*EXERCISE BRIEF*: All of the entries need to be repeated exactly. Leave nothing out.
--- DATA TO PROCESS ---
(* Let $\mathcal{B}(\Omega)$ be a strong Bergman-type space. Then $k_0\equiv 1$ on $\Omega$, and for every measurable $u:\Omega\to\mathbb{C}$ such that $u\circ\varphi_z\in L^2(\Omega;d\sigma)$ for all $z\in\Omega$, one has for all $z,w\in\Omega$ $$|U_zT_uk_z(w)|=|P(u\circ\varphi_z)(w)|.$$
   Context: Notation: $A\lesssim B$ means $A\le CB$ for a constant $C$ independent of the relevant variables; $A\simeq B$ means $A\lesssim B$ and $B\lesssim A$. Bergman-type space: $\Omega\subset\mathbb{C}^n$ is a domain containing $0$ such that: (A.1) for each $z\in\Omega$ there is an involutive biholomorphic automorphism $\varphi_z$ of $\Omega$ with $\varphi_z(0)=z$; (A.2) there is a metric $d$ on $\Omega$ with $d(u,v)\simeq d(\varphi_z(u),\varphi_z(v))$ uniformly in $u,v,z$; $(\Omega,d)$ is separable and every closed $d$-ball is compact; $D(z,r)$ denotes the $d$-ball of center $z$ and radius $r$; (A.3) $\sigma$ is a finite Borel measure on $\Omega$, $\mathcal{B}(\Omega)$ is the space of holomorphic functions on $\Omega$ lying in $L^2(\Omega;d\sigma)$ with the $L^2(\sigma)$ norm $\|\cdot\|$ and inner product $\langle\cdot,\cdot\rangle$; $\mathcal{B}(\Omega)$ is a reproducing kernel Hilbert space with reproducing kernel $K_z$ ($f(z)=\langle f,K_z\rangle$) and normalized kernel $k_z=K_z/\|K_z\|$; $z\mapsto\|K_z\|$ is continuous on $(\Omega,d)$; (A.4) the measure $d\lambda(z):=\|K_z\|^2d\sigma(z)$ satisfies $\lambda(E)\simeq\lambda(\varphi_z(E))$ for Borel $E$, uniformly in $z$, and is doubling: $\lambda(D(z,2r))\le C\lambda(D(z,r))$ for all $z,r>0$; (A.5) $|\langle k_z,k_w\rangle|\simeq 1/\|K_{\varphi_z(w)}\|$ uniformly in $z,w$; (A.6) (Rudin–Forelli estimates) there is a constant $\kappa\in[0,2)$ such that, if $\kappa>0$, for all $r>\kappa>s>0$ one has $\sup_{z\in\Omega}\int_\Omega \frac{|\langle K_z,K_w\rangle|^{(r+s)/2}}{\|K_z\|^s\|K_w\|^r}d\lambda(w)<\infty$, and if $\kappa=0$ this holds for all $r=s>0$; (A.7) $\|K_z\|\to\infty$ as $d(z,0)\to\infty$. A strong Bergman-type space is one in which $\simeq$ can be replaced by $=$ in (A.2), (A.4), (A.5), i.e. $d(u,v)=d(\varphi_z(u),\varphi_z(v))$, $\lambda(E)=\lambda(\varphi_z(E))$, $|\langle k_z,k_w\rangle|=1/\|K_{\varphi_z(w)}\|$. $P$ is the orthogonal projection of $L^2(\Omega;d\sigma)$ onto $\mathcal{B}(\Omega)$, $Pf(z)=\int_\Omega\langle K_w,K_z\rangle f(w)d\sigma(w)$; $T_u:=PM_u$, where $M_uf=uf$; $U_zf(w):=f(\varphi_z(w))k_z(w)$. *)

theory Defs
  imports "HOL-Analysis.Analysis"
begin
---
*RESULT OF THIS TASK*:
(* Let $\mathcal{B}(\Omega)$ be a strong Bergman-type space. Then $k_0\equiv 1$ on $\Omega$, and for every measurable $u:\Omega\to\mathbb{C}$ such that $u\circ\varphi_z\in L^2(\Omega;d\sigma)$ for all $z\in\Omega$, one has for all $z,w\in\Omega$ $$|U_zT_uk_z(w)|=|P(u\circ\varphi_z)(w)|.$$
   Context: Notation: $A\lesssim B$ means $A\le CB$ for a constant $C$ independent of the relevant variables; $A\simeq B$ means $A\lesssim B$ and $B\lesssim A$. Bergman-type space: $\Omega\subset\mathbb{C}^n$ is a domain containing $0$ such that: (A.1) for each $z\in\Omega$ there is an involutive biholomorphic automorphism $\varphi_z$ of $\Omega$ with $\varphi_z(0)=z$; (A.2) there is a metric $d$ on $\Omega$ with $d(u,v)\simeq d(\varphi_z(u),\varphi_z(v))$ uniformly in $u,v,z$; $(\Omega,d)$ is separable and every closed $d$-ball is compact; $D(z,r)$ denotes the $d$-ball of center $z$ and radius $r$; (A.3) $\sigma$ is a finite Borel measure on $\Omega$, $\mathcal{B}(\Omega)$ is the space of holomorphic functions on $\Omega$ lying in $L^2(\Omega;d\sigma)$ with the $L^2(\sigma)$ norm $\|\cdot\|$ and inner product $\langle\cdot,\cdot\rangle$; $\mathcal{B}(\Omega)$ is a reproducing kernel Hilbert space with reproducing kernel $K_z$ ($f(z)=\langle f,K_z\rangle$) and normalized kernel $k_z=K_z/\|K_z\|$; $z\mapsto\|K_z\|$ is continuous on $(\Omega,d)$; (A.4) the measure $d\lambda(z):=\|K_z\|^2d\sigma(z)$ satisfies $\lambda(E)\simeq\lambda(\varphi_z(E))$ for Borel $E$, uniformly in $z$, and is doubling: $\lambda(D(z,2r))\le C\lambda(D(z,r))$ for all $z,r>0$; (A.5) $|\langle k_z,k_w\rangle|\simeq 1/\|K_{\varphi_z(w)}\|$ uniformly in $z,w$; (A.6) (Rudin–Forelli estimates) there is a constant $\kappa\in[0,2)$ such that, if $\kappa>0$, for all $r>\kappa>s>0$ one has $\sup_{z\in\Omega}\int_\Omega \frac{|\langle K_z,K_w\rangle|^{(r+s)/2}}{\|K_z\|^s\|K_w\|^r}d\lambda(w)<\infty$, and if $\kappa=0$ this holds for all $r=s>0$; (A.7) $\|K_z\|\to\infty$ as $d(z,0)\to\infty$. A strong Bergman-type space is one in which $\simeq$ can be replaced by $=$ in (A.2), (A.4), (A.5), i.e. $d(u,v)=d(\varphi_z(u),\varphi_z(v))$, $\lambda(E)=\lambda(\varphi_z(E))$, $|\langle k_z,k_w\rangle|=1/\|K_{\varphi_z(w)}\|$. $P$ is the orthogonal projection of $L^2(\Omega;d\sigma)$ onto $\mathcal{B}(\Omega)$, $Pf(z)=\int_\Omega\langle K_w,K_z\rangle f(w)d\sigma(w)$; $T_u:=PM_u$, where $M_uf=uf$; $U_zf(w):=f(\varphi_z(w))k_z(w)$. *)

theory Defs
  imports "HOL-Analysis.Analysis"
begin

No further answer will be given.